I agree, they do not comply.........you need the separation.


----------



## sergoodo (Dec 27, 2017)

residential tower with 2 exits via scissor stair


----------



## cda (Dec 27, 2017)

sergoodo said:


> residential tower with 2 exits via scissor stair






LOOKS good on separation,,,,


But if the enclosure is full of smoke, than what???


Sounds like someone sold them that it was ok, and was accepted??????


HOW many stories??


----------



## fatboy (Dec 27, 2017)

*1007.1.1 Two exits or exit access doorways. *Where two

_exits_, _exit access doorways_, _exit access stairways _or

_ramps_, or any combination thereof, are required from any

portion of the _exit access_, they shall be placed a distance


apart equal to not less than one-half of the length of the

maximum overall diagonal dimension of the building or

area to be served measured in a straight line between them.
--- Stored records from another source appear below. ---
text \<open>The hypotheses on \<open>B'\<close> say \<open>0 \<le> B' \<le> (P\<^sup>T A P)\<^sup>-\<^sup>1\<close>; then \<open>I - P B' P\<^sup>T A\<close>
  lies between \<open>0\<close> and \<open>I\<close> because \<open>P (P\<^sup>T A P)\<^sup>-\<^sup>1 P\<^sup>T A\<close> is the \<open>A\<close>-orthogonal
  projection onto the range of \<open>P\<close>.\<close>

lemma coarse_correction_a_nonneg_contraction:
  fixes A P B' :: "real mat"
  assumes A: "A \<in> carrier_mat n n" "transpose_mat A = A"
    and P: "P \<in> carrier_mat n m" and B': "B' \<in> carrier_mat m m" "transpose_mat B' = B'"
    and nonneg: "\<And>z. z \<in> carrier_vec m \<Longrightarrow> 0 \<le> z \<bullet> (B' *\<^sub>v z)"
    and bound: "\<And>z. z \<in> carrier_vec m \<Longrightarrow>
      (B' *\<^sub>v z) \<bullet> ((transpose_mat P * A * P) *\<^sub>v (B' *\<^sub>v z)) \<le> z \<bullet> (B' *\<^sub>v z)"
  shows "a_nonneg_contraction A (1\<^sub>m n - P * B' * transpose_mat P * A) n"
proof -
  let ?C = "1\<^sub>m n - P * B' * transpose_mat P * A"
  let ?r = "\<lambda>y. transpose_mat P *\<^sub>v (A *\<^sub>v y)"
  have r: "?r y \<in> carrier_vec m" if "y \<in> carrier_vec n" for y using that A P by simp
  have Cc: "?C \<in> carrier_mat n n"
    by (rule minus_carrier_mat[OF coarse_correction_mult_vec(1)[OF A(1) P B'(1)]])
  have "a_selfadjoint A ?C n"
    unfolding a_selfadjoint_def
    using coarse_correction_form_eq[OF A P B'(1)] scalar_prod_symmetric_mat[OF A]
      scalar_prod_symmetric_mat[OF B'] r by simp
  moreover have "(?C *\<^sub>v y) \<bullet> (A *\<^sub>v (?C *\<^sub>v y)) \<le> y \<bullet> (A *\<^sub>v (?C *\<^sub>v y)) \<and>
      y \<bullet> (A *\<^sub>v (?C *\<^sub>v y)) \<le> y \<bullet> (A *\<^sub>v y)" if y: "y \<in> carrier_vec n" for y
  proof -
    define p where "p = B' *\<^sub>v ?r y"
    have p: "p \<in> carrier_vec m" and Pp: "P *\<^sub>v p \<in> carrier_vec n"
      using B' P r[OF y] by (auto simp: p_def)
    have Cy: "?C *\<^sub>v y = y - P *\<^sub>v p"
      using one_minus_mult_mat_vec[OF coarse_correction_mult_vec(1)[OF A(1) P B'(1)] y]
        coarse_correction_mult_vec(2)[OF A(1) P B'(1) y] by (simp add: p_def)
    have "(P *\<^sub>v p) \<bullet> (A *\<^sub>v y) = ?r y \<bullet> p"
      using scalar_prod_mult_transpose[OF P _ p, of "A *\<^sub>v y"] A y Pp
      by (simp add: comm_scalar_prod[of _ n])
    moreover have "y \<bullet> (A *\<^sub>v (P *\<^sub>v p)) = (P *\<^sub>v p) \<bullet> (A *\<^sub>v y)"
      using scalar_prod_symmetric_mat[OF A y Pp] .
    moreover have "(?C *\<^sub>v y) \<bullet> (A *\<^sub>v (?C *\<^sub>v y)) =
        y \<bullet> (A *\<^sub>v y) - y \<bullet> (A *\<^sub>v (P *\<^sub>v p)) - ((P *\<^sub>v p) \<bullet> (A *\<^sub>v y) - (P *\<^sub>v p) \<bullet> (A *\<^sub>v (P *\<^sub>v p)))"
      unfolding Cy using A y Pp
      by (simp add: mult_minus_distrib_mat_vec[of _ n n] scalar_prod_minus_distrib[of _ n]
          minus_scalar_prod_distrib[of _ n])
    moreover have "y \<bullet> (A *\<^sub>v (?C *\<^sub>v y)) = y \<bullet> (A *\<^sub>v y) - ?r y \<bullet> p"
      using coarse_correction_form_eq[OF A P B'(1) y y] by (simp add: p_def)
    moreover have "0 \<le> ?r y \<bullet> p" "(P *\<^sub>v p) \<bullet> (A *\<^sub>v (P *\<^sub>v p)) \<le> ?r y \<bullet> p"
      using nonneg[OF r[OF y]] bound[OF r[OF y]] galerkin_form_eq[OF A(1) P p] by (simp_all add: p_def)
    ultimately show ?thesis by simp
  qed
  ultimately show ?thesis using Cc by (simp add: a_nonneg_contraction_def)
qed
lemma spd_inverse_of_gram:
  fixes B L :: "real mat"
  assumes B: "B \<in> carrier_mat n n" and L: "L \<in> carrier_mat n n"
    and inv: "B * (L * transpose_mat L) = 1\<^sub>m n"
  shows "spd B n"
proof -
  define M where "M = L * transpose_mat L"
  have Lt: "transpose_mat L \<in> carrier_mat n n" using L by simp
  have M: "M \<in> carrier_mat n n" using L by (simp add: M_def)
  have BM: "B * M = 1\<^sub>m n" using inv by (simp add: M_def)
  have MB: "M * B = 1\<^sub>m n" using mat_mult_left_right_inverse[OF B M BM] .
  have Mt: "transpose_mat M = M" using transpose_mult[OF L Lt] by (simp add: M_def)
  have "M * transpose_mat B = 1\<^sub>m n" using arg_cong[OF BM, of transpose_mat] transpose_mult[OF B M] Mt by simp
  then have sym: "transpose_mat B = B"
    using assoc_mult_mat[OF B M, of "transpose_mat B" n] BM B by simp
  have pos: "x \<bullet> (B *\<^sub>v x) > 0" if x: "x \<in> carrier_vec n" and nz: "x \<noteq> 0\<^sub>v n" for x
  proof -
    define y where "y = B *\<^sub>v x"
    define w where "w = transpose_mat L *\<^sub>v y"
    have y: "y \<in> carrier_vec n" and w: "w \<in> carrier_vec n" using B Lt x by (simp_all add: y_def w_def)
    have "M *\<^sub>v y = x" using assoc_mult_mat_vec[OF M B x] MB x by (simp add: y_def)
    then have x_eq: "x = L *\<^sub>v w" using assoc_mult_mat_vec[OF L Lt y] by (simp add: M_def w_def)
    have "x \<bullet> (B *\<^sub>v x) = y \<bullet> (L *\<^sub>v w)"
      using x_eq y w L by (simp add: comm_scalar_prod[of _ n] y_def)
    also have "\<dots> = w \<bullet> w" using scalar_prod_mult_transpose[OF L y w] by (simp add: w_def)
    finally have form: "x \<bullet> (B *\<^sub>v x) = w \<bullet> w" .
    have "w \<noteq> 0\<^sub>v n"
    proof
      assume "w = 0\<^sub>v n"
      then have "x = L *\<^sub>v 0\<^sub>v n" using x_eq by simp
      also have "\<dots> = 0\<^sub>v n" using L by (intro eq_vecI) auto
      finally show False using nz by simp
    qed
    then have "w \<bullet> w \<noteq> 0" using scalar_prod_self_eq_0[OF w] by blast
    moreover have "0 \<le> w \<bullet> w" unfolding scalar_prod_def by (intro sum_nonneg) simp
    ultimately show ?thesis using form by simp
  qed
  show ?thesis using B sym pos by (simp add: spd_def)
qed
lemma spd_two_sided_correction:
  fixes A T B Bco :: "real mat"
  assumes A: "spd A n" and T: "a_nonneg_contraction A T n" and B: "spd B n"
    and Bco: "Bco \<in> carrier_mat n n"
    and eq: "1\<^sub>m n - Bco * A = T * (1\<^sub>m n - B * A) * T"
  shows "spd Bco n"
proof -
  have Ac: "A \<in> carrier_mat n n" and At: "transpose_mat A = A" using spdD[OF A] by auto
  have Bc: "B \<in> carrier_mat n n" and Bt: "transpose_mat B = B" using spdD[OF B] by auto
  have Tc: "T \<in> carrier_mat n n" using T by (simp add: a_nonneg_contraction_def)
  define F where "F = 1\<^sub>m n - B * A"
  define Tco where "Tco = 1\<^sub>m n - Bco * A"
  have Fc: "F \<in> carrier_mat n n" unfolding F_def by (rule minus_carrier_mat) (use Bc Ac in simp)
  have T_adjoint: "u \<bullet> (A *\<^sub>v (T *\<^sub>v x)) = (T *\<^sub>v u) \<bullet> (A *\<^sub>v x)"
    if u: "u \<in> carrier_vec n" and x: "x \<in> carrier_vec n" for u x
    using T u x scalar_prod_symmetric_mat[OF Ac At x, of "T *\<^sub>v u"] Tc
    by (simp add: a_nonneg_contraction_def a_selfadjoint_def)
  have form: "u \<bullet> (A *\<^sub>v (Tco *\<^sub>v v)) =
      (T *\<^sub>v u) \<bullet> (A *\<^sub>v (T *\<^sub>v v)) - (A *\<^sub>v (T *\<^sub>v u)) \<bullet> (B *\<^sub>v (A *\<^sub>v (T *\<^sub>v v)))"
    if u: "u \<in> carrier_vec n" and v: "v \<in> carrier_vec n" for u v
  proof -
    have Tu: "T *\<^sub>v u \<in> carrier_vec n" and Tv: "T *\<^sub>v v \<in> carrier_vec n" using Tc u v by auto
    have "Tco *\<^sub>v v = T *\<^sub>v (F *\<^sub>v (T *\<^sub>v v))"
      using eq Tc Fc v by (simp add: Tco_def F_def assoc_mult_mat_vec[of _ n n] del: assoc_mult_mat)
    then have "u \<bullet> (A *\<^sub>v (Tco *\<^sub>v v)) = (T *\<^sub>v u) \<bullet> (A *\<^sub>v (F *\<^sub>v (T *\<^sub>v v)))"
      using T_adjoint[OF u, of "F *\<^sub>v (T *\<^sub>v v)"] Fc Tv by simp
    then show ?thesis using preconditioner_form_eq[OF Ac At Bc Tu Tv] by (simp add: F_def)
  qed
  have "a_selfadjoint A Tco n"
    unfolding a_selfadjoint_def
    using form scalar_prod_symmetric_mat[OF Ac At] scalar_prod_symmetric_mat[OF Bc Bt] Tc Ac by simp
  then have sym: "transpose_mat Bco = Bco"
    by (rule preconditioner_symmetric_if_error_a_selfadjoint[OF A Bco, folded Tco_def])
  have pos: "z \<bullet> (Bco *\<^sub>v z) > 0" if z: "z \<in> carrier_vec n" and nz: "z \<noteq> 0\<^sub>v n" for z
  proof -
    obtain y where y: "y \<in> carrier_vec n" and zy: "z = A *\<^sub>v y" using spd_mult_vec_surj[OF A z] .
    have "y \<noteq> 0\<^sub>v n" using nz zy Ac by auto
    then have y_pos: "y \<bullet> (A *\<^sub>v y) > 0" using spdD(3)[OF A y] by simp
    define w where "w = T *\<^sub>v y"
    have w: "w \<in> carrier_vec n" using Tc y by (simp add: w_def)
    have "z \<bullet> (Bco *\<^sub>v z) = y \<bullet> (A *\<^sub>v y) - y \<bullet> (A *\<^sub>v (Tco *\<^sub>v y))"
      unfolding zy Tco_def by (rule preconditioner_form_eq[OF Ac At Bco y y])
    also have "\<dots> = y \<bullet> (A *\<^sub>v y) - w \<bullet> (A *\<^sub>v w) + (A *\<^sub>v w) \<bullet> (B *\<^sub>v (A *\<^sub>v w))"
      using form[OF y y] by (simp add: w_def)
    finally have z_form: "z \<bullet> (Bco *\<^sub>v z) = y \<bullet> (A *\<^sub>v y) - w \<bullet> (A *\<^sub>v w) + (A *\<^sub>v w) \<bullet> (B *\<^sub>v (A *\<^sub>v w))" .
    have contr: "w \<bullet> (A *\<^sub>v w) \<le> y \<bullet> (A *\<^sub>v y)"
      using T y by (force simp: a_nonneg_contraction_def w_def)
    show ?thesis
    proof (cases "w = 0\<^sub>v n")
      case True
      then have "w \<bullet> (A *\<^sub>v w) = 0" using Ac by simp
      then show ?thesis using z_form y_pos spd_form_nonneg[OF B, of "A *\<^sub>v w"] Ac w by simp
    next
      case False
      then have "w \<bullet> (A *\<^sub>v w) > 0" using spdD(3)[OF A w] by simp
      then have "A *\<^sub>v w \<noteq> 0\<^sub>v n" using w by auto
      then have "(A *\<^sub>v w) \<bullet> (B *\<^sub>v (A *\<^sub>v w)) > 0" using spdD(3)[OF B] Ac w by simp
      then show ?thesis using z_form contr by simp
    qed
  qed
  show ?thesis using Bco sym pos by (simp add: spd_def)
qed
*Interlocking or scissor stairways shall be counted as one

 
exit stairway.*


----------



## Inspector Gift (Dec 27, 2017)

This was an interesting question.  Google had many examples.    Both of these were used in comments stating they meet the code separation.   
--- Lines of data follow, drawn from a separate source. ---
lemma closed_3walks_bij_triangles:
  assumes g: "is_graph n E"
  defines "es \<equiv> oriented_edges n E"
  shows "bij_betw (\<lambda>(i,j,l). (fst (es!i), fst (es!j), fst (es!l)))
    {(i,j,l). i < length es \<and> j < length es \<and> l < length es \<and>
      non_backtracking (es!i) (es!j) \<and> non_backtracking (es!j) (es!l) \<and> non_backtracking (es!l) (es!i)}
    {(a,b,c). a < n \<and> b < n \<and> c < n \<and> E a b \<and> E b c \<and> E c a}"
    (is "bij_betw ?start ?W ?T")
proof (rule bij_betwI')
  fix x y assume x: "x \<in> ?W" and y: "y \<in> ?W"
  obtain i j l where xe: "x = (i,j,l)" by (cases x) auto
  obtain i' j' l' where ye: "y = (i',j',l')" by (cases y) auto
  show "(?start x = ?start y) = (x = y)"
  proof
    assume "?start x = ?start y"
    then have "es ! i = es ! i'" "es ! j = es ! j'" "es ! l = es ! l'"
      using x y unfolding xe ye non_backtracking_def by (auto simp: prod_eq_iff)
    then show "x = y"
      using x y nth_eq_iff_index_eq[OF distinct_oriented_edges] unfolding xe ye es_def by auto
  qed simp
next
  fix x assume x: "x \<in> ?W"
  obtain i j l where xe: "x = (i,j,l)" by (cases x) auto
  have "es ! i \<in> oriented_edge_set n E" "es ! j \<in> oriented_edge_set n E"
    "es ! l \<in> oriented_edge_set n E"
    using x oriented_edges_nth_in unfolding xe es_def by auto
  then show "?start x \<in> ?T"
    using x unfolding xe non_backtracking_def oriented_edge_set_def by (auto simp: split_beta)
next
  fix y assume "y \<in> ?T"
  then obtain a b c where y: "y = (a,b,c)" "a < n" "b < n" "c < n" "E a b" "E b c" "E c a"
    by auto
  obtain i where "i < length es" "es ! i = (a,b)"
    unfolding es_def by (rule oriented_edges_index[of a n b E]) (use y in auto)
  moreover obtain j where "j < length es" "es ! j = (b,c)"
    unfolding es_def by (rule oriented_edges_index[of b n c E]) (use y in auto)
  moreover obtain l where "l < length es" "es ! l = (c,a)"
    unfolding es_def by (rule oriented_edges_index[of c n a E]) (use y in auto)
  moreover have "a \<noteq> b" "b \<noteq> c" "c \<noteq> a" using y is_graphD(3)[OF g] by blast+
  ultimately show "\<exists>x\<in>?W. y = ?start x"
    unfolding non_backtracking_def using y by (intro bexI[of _ "(i,j,l)"]) auto
qed

lemma trace_oriented_edge_matrix_pow3:
  assumes g: "is_graph n E"
  shows "trace (oriented_edge_matrix n E ^\<^sub>m 3) = int (triangle_count n E)"
proof -
  let ?es = "oriented_edges n E"
  let ?k = "length ?es"
  have "trace (oriented_edge_matrix n E ^\<^sub>m 3) = (\<Sum>i<?k. \<Sum>j<?k. \<Sum>l<?k.
      of_bool (non_backtracking (?es!i) (?es!j) \<and> non_backtracking (?es!j) (?es!l) \<and>
        non_backtracking (?es!l) (?es!i)))"
    unfolding trace_pow3[OF oriented_edge_matrix_carrier]
    by (intro sum.cong refl) (simp add: oriented_edge_matrix_entry)
  also have "\<dots> = int (card {(i,j,l). i < ?k \<and> j < ?k \<and> l < ?k \<and> non_backtracking (?es!i) (?es!j) \<and>
      non_backtracking (?es!j) (?es!l) \<and> non_backtracking (?es!l) (?es!i)})"
    by (rule sum3_of_bool_eq_card)
  also have "\<dots> = int (triangle_count n E)"
    unfolding triangle_count_def using bij_betw_same_card[OF closed_3walks_bij_triangles[OF g]] by simp
  finally show ?thesis .
qed

lemma compl_graph_is_graph: "is_graph n E \<Longrightarrow> is_graph n (compl_graph n E)"
  unfolding is_graph_def compl_graph_def by auto

lemma sum3_rotate:
  "(\<Sum>a<n::nat. \<Sum>b<n. \<Sum>c<n. g a b c) = (\<Sum>a<n. \<Sum>b<n. \<Sum>c<n. (g c a b :: int))"
proof -
  have "(\<Sum>a<n. \<Sum>b<n. \<Sum>c<n. g c a b) = (\<Sum>a<n. \<Sum>c<n. \<Sum>b<n. g c a b)"
    by (rule sum.cong[OF refl], rule sum.swap)
  also have "\<dots> = (\<Sum>c<n. \<Sum>a<n. \<Sum>b<n. g c a b)" by (rule sum.swap)
  finally show ?thesis by simp
qed

lemma sum_distinct_from_two:
  assumes "a < n" "b < n" "a \<noteq> b"
  shows "(\<Sum>c<n. of_bool (b \<noteq> c) * of_bool (c \<noteq> a)) = int n - 2"
proof -
  have "(\<Sum>c<n. of_bool (b \<noteq> c) * of_bool (c \<noteq> a)) = (\<Sum>c<n. (of_bool (c \<notin> {a,b}) :: int))"
    by (intro sum.cong refl) auto
  also have "\<dots> = int (card ({..<n} - {a,b}))"
    unfolding sum_of_bool_lessThan by (rule arg_cong[where f = "\<lambda>S. int (card S)"]) auto
  also have "card ({..<n} - {a,b}) = n - 2" using assms by (subst card_Diff_subset) auto
  finally show ?thesis using assms by simp
qed

lemma sum_distinct_triples:
  "(\<Sum>a<n. \<Sum>b<n. \<Sum>c<n. of_bool (a \<noteq> b) * of_bool (b \<noteq> c) * of_bool (c \<noteq> a)) =
   int n * (int n - 1) * (int n - 2)"
proof -
  have "(\<Sum>b<n. \<Sum>c<n. of_bool (a \<noteq> b) * of_bool (b \<noteq> c) * of_bool (c \<noteq> a)) =
      (int n - 1) * (int n - 2)" if a: "a < n" for a
  proof -
    have "(\<Sum>b<n. \<Sum>c<n. of_bool (a \<noteq> b) * of_bool (b \<noteq> c) * of_bool (c \<noteq> a)) =
        (\<Sum>b<n. of_bool (a \<noteq> b) * (int n - 2))"
      using a sum_distinct_from_two[OF a] by (intro sum.cong refl) (auto simp: sum_distrib_left mult.assoc)
    also have "\<dots> = (int n - 2) * (\<Sum>b<n. of_bool (b \<noteq> a))"
      by (simp add: sum_distrib_left mult.commute eq_commute[of a] del: sum_of_bool_eq)
    also have "(\<Sum>b<n. of_bool (b \<noteq> a)) = int (card ({..<n} - {a}))"
      unfolding sum_of_bool_lessThan by (rule arg_cong[where f = "\<lambda>S. int (card S)"]) auto
    finally show ?thesis using a by (simp add: of_nat_diff)
  qed
  then show ?thesis by simp
qed

lemma sum_edge_distinct_triples:
  assumes g: "is_graph n F"
  shows "(\<Sum>a<n. \<Sum>b<n. \<Sum>c<n. of_bool (F a b) * of_bool (b \<noteq> c) * of_bool (c \<noteq> a)) =
    (int n - 2) * degree_sum n F"
proof -
  have "(\<Sum>c<n. of_bool (F a b) * of_bool (b \<noteq> c) * of_bool (c \<noteq> a)) =
      of_bool (F a b) * (int n - 2)" if "a < n" "b < n" for a b
    using sum_distinct_from_two[OF that] is_graphD(3)[OF g, of a b]
    by (cases "F a b") (simp_all add: mult.assoc)
  then have "(\<Sum>a<n. \<Sum>b<n. \<Sum>c<n. of_bool (F a b) * of_bool (b \<noteq> c) * of_bool (c \<noteq> a)) =
      (\<Sum>a<n. \<Sum>b<n. of_bool (F a b) * (int n - 2))" by simp
  also have "\<dots> = (int n - 2) * degree_sum n F"
    by (simp add: degree_sum_def int_degree_eq_sum sum_distrib_left sum_distrib_right mult.commute)
  finally show ?thesis .
qed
Fire-rated separation is not clear from the original posters question (or in these examples),   But in order for them to meet the code requirements there needs to be a fire-resistance rated separation between them.


----------



## cda (Dec 27, 2017)

Inspector Gift said:


> View attachment 2724
> View attachment 2725
> 
> This was an interesting question.  Google had many examples.    Both of these were used in comments stating they meet the code separation.
> ...




Or another set somewhere else in the building


----------



## steveray (Dec 27, 2017)

Seems like remoteness would be an issue, at the entrance and possibly the discharge...If they share the enclosure (atmosphere), it is one exit IMO...


----------



## cda (Dec 27, 2017)

Maybe the elevator was accepted as an exit??

*
Elevators as Accessible Means of Egress 

*
Elevators required or provided as an accessible means of egress must comply with requirements in IBC Section 1007.4. To be considered an accessible means of egress, elevators must be provided with standby power in accordance with NFPA 110, _Emergency and Standby Power Systems_, or NFPA 111, _Stored Electrical Energy Emergency and Standby Power Systems_. NFPA 110 provides requirements for generators, whereas NFPA 111 provides requirements for stored energy type systems, such as batteries.
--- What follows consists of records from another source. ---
lemma canon_in_box_hom: "raw_box m n f \<Longrightarrow> canon m f \<in> box_hom m n"
  by (auto simp: box_hom_def)

lemma box_hom_comp:
  assumes "\<phi> \<in> box_hom m n" "\<psi> \<in> box_hom k m"
  shows "canon k (\<phi> \<circ> \<psi>) \<in> box_hom k n"
proof -
  obtain f where f: "raw_box m n f" "\<phi> = canon m f" using assms(1) by (auto simp: box_hom_def)
  obtain g where g: "raw_box k m g" "\<psi> = canon k g" using assms(2) by (auto simp: box_hom_def)
  have "canon k (\<phi> \<circ> \<psi>) = canon k (f \<circ> g)"
    by (rule canon_eqI) (simp add: f(2) g(2) canon_def raw_box_length[OF g(1)])
  then show ?thesis using f(1) g(1) by (simp add: canon_in_box_hom rb_comp)
qed

lemma face_comp_in_box_hom_length: "canon m (face_comp l) \<in> box_hom m n \<Longrightarrow> m + length l = n"
  using box_hom_length[of "canon m (face_comp l)" m n "replicate m False"]
  by (simp add: canon_def length_face_comp)

lemma id_in_box_hom: "canon n id \<in> box_hom n n"
  by (rule canon_in_box_hom) (rule rb_id)

lemma face_in_box_hom: "1 \<le> i \<Longrightarrow> i \<le> Suc n \<Longrightarrow> canon n (face_fun i e) \<in> box_hom n (Suc n)"
  by (rule canon_in_box_hom) (rule rb_face)

lemma face_in_box_hom': "1 \<le> i \<Longrightarrow> i \<le> n \<Longrightarrow> canon (n - 1) (face_fun i e) \<in> box_hom (n - 1) n"
  using face_in_box_hom[of i "n - 1" e] by simp

lemma degen_in_box_hom: "1 \<le> i \<Longrightarrow> i \<le> Suc n \<Longrightarrow> canon (Suc n) (degen_fun i) \<in> box_hom (Suc n) n"
  by (rule canon_in_box_hom) (rule rb_degen)

lemma degen_comp_in_box_hom:
  assumes "\<phi> \<in> box_hom m n" "1 \<le> i" "i \<le> n"
  shows "canon m (degen_fun i \<circ> \<phi>) \<in> box_hom m (n - 1)"
proof -
  have "canon n (degen_fun i) \<in> box_hom n (n - 1)"
    using degen_in_box_hom[of i "n - 1"] assms(2,3) by simp
  from box_hom_comp[OF this assms(1)] show ?thesis by (simp add: canon_comp_box_hom assms(1))
qed

lemma conn_in_box_hom:
  "1 \<le> i \<Longrightarrow> i \<le> Suc n \<Longrightarrow> canon (Suc (Suc n)) (conn_fun i e) \<in> box_hom (Suc (Suc n)) (Suc n)"
  by (rule canon_in_box_hom) (rule rb_conn)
As previously mentioned, elevator lobbies may serve as a required area of refuge for elevators used as an accessible means of egress. Elevators are not required to be accessed by an area of refuge when buildings are sprinklered throughout with a system complying with NFPA 13 or 13R, when elevators are not required to be enclosed in a shaft, and when elevators are accessed by a horizontal exit. If used as an area of refuge, elevator lobbies must be enclosed with smoke barriers and provided with two-way communication to the fire command center or other location approved by the fire department. Also, elevator lobbies used as areas of refuge must accommodate one 30- by 48-inch wheelchair space for every 200 occupants served by the area of refuge. The wheelchair spaces cannot reduce the required means of egress width.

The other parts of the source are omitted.